▶ [Requirement]
Copy each line of the data that has "eproper" in it.

[[ Source information, beginning ]]

(* Let $\alpha>0$, $\eta=\alpha/(L+\alpha)$. Consider AggGCG (primal) with $y_0\in\mathrm{dom}\, h$, $s_0\in\mathbb{R}^n$: for $k\ge0$, $x_{k+1}=\mathrm{argmin}_x\{\langle s_k,x\rangle+h^\alpha(x)\}$, $y_{k+1}=(1-\eta)y_k+\eta x_{k+1}$, $s_{k+1}=(1-\eta)s_k+\eta\nabla f(y_k)$. Consider AggGCG (dual) with $z_0\in\mathrm{dom}\, f^*$, $v_0\in\mathbb{R}^n$: for $k\ge0$, $\bar z_{k+1}=\mathrm{argmin}_z\{-\langle v_k,z\rangle+f^*(z)\}$, $z_{k+1}=(1-\eta)z_k+\eta\bar z_{k+1}$, $v_{k+1}=(1-\eta)v_k+\eta\nabla(h^\alpha)^*(-z_k)$. If $s_0=z_0$ and $v_0=y_0$, then for every $k\ge0$: $y_k=v_k$, $s_k=z_k$, $x_{k+1}=\nabla(h^\alpha)^*(-z_k)$, and $\nabla f(y_k)=\bar z_{k+1}$.
   Context: Let $\|\cdot\|$ be a norm on $\mathbb{R}^n$ with dual norm $\|\cdot\|_*$. Let $f:\mathbb{R}^n\to\mathbb{R}$ be convex, differentiable and $L$-smooth ($L>0$) with respect to $\|\cdot\|$, $h:\mathbb{R}^n\to(-\infty,\infty]$ closed proper convex with bounded domain, and $w:\mathbb{R}^n\to[0,+\infty]$ closed, $1$-strongly convex with respect to $\|\cdot\|$ on $\mathrm{dom}\, h$, with $\max_{\mathrm{dom}\, h}w<\infty$. Let $h^\alpha=h+\alpha w$; $^*$ denotes convex conjugate ($(h^\alpha)^*$ is differentiable, $f^*$ is $(1/L)$-strongly convex w.r.t. $\|\cdot\|_*$). *)

theory Defs
  imports "HOL-Analysis.Analysis" "HOL-Library.Extended_Real"
begin

definition is_norm :: "('a::real_vector \<Rightarrow> real) \<Rightarrow> bool" where
  "is_norm N \<longleftrightarrow> (\<forall>x. 0 \<le> N x) \<and> (\<forall>x. N x = 0 \<longleftrightarrow> x = 0)
     \<and> (\<forall>c x. N (c *\<^sub>R x) = \<bar>c\<bar> * N x) \<and> (\<forall>x y. N (x + y) \<le> N x + N y)"

definition dual_norm :: "('a::real_inner \<Rightarrow> real) \<Rightarrow> 'a \<Rightarrow> real" where
  "dual_norm N y = Sup {y \<bullet> x | x. N x \<le> 1}"

definition grad :: "('a::real_inner \<Rightarrow> real) \<Rightarrow> 'a \<Rightarrow> 'a" where
  "grad F x = (SOME g. (F has_derivative (\<lambda>d. g \<bullet> d)) (at x))"

definition L_smooth :: "('a::real_inner \<Rightarrow> real) \<Rightarrow> real \<Rightarrow> ('a \<Rightarrow> real) \<Rightarrow> bool" where
  "L_smooth N L F \<longleftrightarrow> (\<forall>x. F differentiable at x) \<and>
     (\<forall>x y. dual_norm N (grad F x - grad F y) \<le> L * N (x - y))"

definition edom :: "('a \<Rightarrow> ereal) \<Rightarrow> 'a set" where
  "edom F = {x. F x < \<infinity>}"

definition eproper :: "('a \<Rightarrow> ereal) \<Rightarrow> bool" where
  "eproper F \<longleftrightarrow> (\<forall>x. F x \<noteq> -\<infinity>) \<and> (\<exists>x. F x \<noteq> \<infinity>)"

definition econvex :: "('a::real_vector \<Rightarrow> ereal) \<Rightarrow> bool" where
  "econvex F \<longleftrightarrow> (\<forall>x y t. 0 < t \<and> t < 1 \<longrightarrow>
     F (t *\<^sub>R x + (1 - t) *\<^sub>R y) \<le> ereal t * F x + ereal (1 - t) * F y)"

text \<open>Closed = lower semicontinuous = closed epigraph.\<close>
definition eclosed :: "('a::topological_space \<Rightarrow> ereal) \<Rightarrow> bool" where
  "eclosed F \<longleftrightarrow> closed {(x, t::real). F x \<le> ereal t}"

[[ Source information, end ]]

▶ [Response to the task]
definition eproper :: "('a \<Rightarrow> ereal) \<Rightarrow> bool" where
  "eproper F \<longleftrightarrow> (\<forall>x. F x \<noteq> -\<infinity>) \<and> (\<exists>x. F x \<noteq> \<infinity>)"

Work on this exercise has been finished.